─── The records ───
lemma expectation_coord_dev_binomial_le:
  assumes p: "p \<in> {0..1}" and n: "n > 0" and b: "0 < b" "b \<le> p"
  shows "measure_pmf.expectation (binomial_pmf n p) (\<lambda>s. coord_dev p b (real s / n))
           \<le> 5 * (sqrt (b / n) + 1 / n)"
proof -
  let ?E = "measure_pmf.expectation (binomial_pmf n p)"
  have fin: "finite (set_pmf (binomial_pmf n p))" using p by auto
  have nr: "real n > 0" using n by simp
  have var: "?E (\<lambda>s. (real s / n - p)\<^sup>2) = p * (1 - p) / n"
    by (rule expectation_binomial_pmf_sq_dev[OF p n])
  have prod_le: "p * (1 - p) \<le> p" "p * (1 - p) \<le> 1 - p"
    using p by (auto intro: mult_left_le mult_left_le_one_le)
  then have var_le: "p * (1 - p) / n \<le> p * (1 / n)" "p * (1 - p) / n \<le> (1 - p) * (1 / n)"
    using nr by (auto intro: divide_right_mono)
  have central: "?E (\<lambda>s. if p \<le> b \<or> 1 - p \<le> b then \<bar>real s / n - p\<bar> else 0) \<le> sqrt (b / n)"
  proof (cases "p \<le> b \<or> 1 - p \<le> b")
    case True
    have "?E (\<lambda>s. \<bar>real s / n - p\<bar>) \<le> sqrt (p * (1 - p) / n)"
      using expectation_abs_le_sqrt_second_moment[OF fin, of "\<lambda>s. real s / n - p"] var by simp
    also have "\<dots> \<le> sqrt (b / n)"
      using True prod_le nr by (intro real_sqrt_le_mono divide_right_mono) auto
    finally show ?thesis using True by simp
  qed (use b nr in simp)
  have lower: "?E (\<lambda>s. max 0 (b - real s / n)) \<le> 2 * sqrt (b / n) + 2 / n"
    using expectation_pos_part_le[OF fin b, of "\<lambda>s. real s / n" "1 / n"] var var_le by simp
  have upper: "?E (\<lambda>s. if b \<le> 1 - p then max 0 (b - (1 - real s / n)) else 0) \<le> 2 * sqrt (b / n) + 2 / n"
  proof (cases "b \<le> 1 - p")
    case True
    have "0 \<le> 1 - real s / n" if "s \<in> set_pmf (binomial_pmf n p)" for s
      using that p nr by (auto simp: set_pmf_binomial_eq field_simps split: if_splits)
    moreover have "?E (\<lambda>s. (1 - real s / n - (1 - p))\<^sup>2) \<le> (1 - p) * (1 / n)"
      using var var_le by (simp add: power2_commute)
    ultimately have "?E (\<lambda>s. max 0 (b - (1 - real s / n))) \<le> 2 * sqrt (b / n) + 2 / n"
      using expectation_pos_part_le[OF fin b(1) True, of "\<lambda>s. 1 - real s / n" "1 / n"] by simp
    then show ?thesis using True by simp
  qed (use b nr in simp)
  have "?E (\<lambda>s. coord_dev p b (real s / n)) =
      ?E (\<lambda>s. if p \<le> b \<or> 1 - p \<le> b then \<bar>real s / n - p\<bar> else 0) + ?E (\<lambda>s. max 0 (b - real s / n))
      + ?E (\<lambda>s. if b \<le> 1 - p then max 0 (b - (1 - real s / n)) else 0)"
    unfolding coord_dev_def using p by (simp add: integral_add)
  also have "\<dots> \<le> 5 * (sqrt (b / n) + 1 / n)"
  proof -
    have "2 / real n = 2 * (1 / n)" "0 < 1 / real n" using nr by auto
    then show ?thesis using central lower upper by (smt (verit))
  qed
  finally show ?thesis .
qed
───
- Exercise -
Using the listing above, locate the lines that hold "simp" and copy each one.

- Solved exercise -
  have nr: "real n > 0" using n by simp
      using expectation_abs_le_sqrt_second_moment[OF fin, of "\<lambda>s. real s / n - p"] var by simp
    finally show ?thesis using True by simp
  qed (use b nr in simp)
    using expectation_pos_part_le[OF fin b, of "\<lambda>s. real s / n" "1 / n"] var var_le by simp
      using that p nr by (auto simp: set_pmf_binomial_eq field_simps split: if_splits)
      using var var_le by (simp add: power2_commute)
      using expectation_pos_part_le[OF fin b(1) True, of "\<lambda>s. 1 - real s / n" "1 / n"] by simp
    then show ?thesis using True by simp
  qed (use b nr in simp)
    unfolding coord_dev_def using p by (simp add: integral_add)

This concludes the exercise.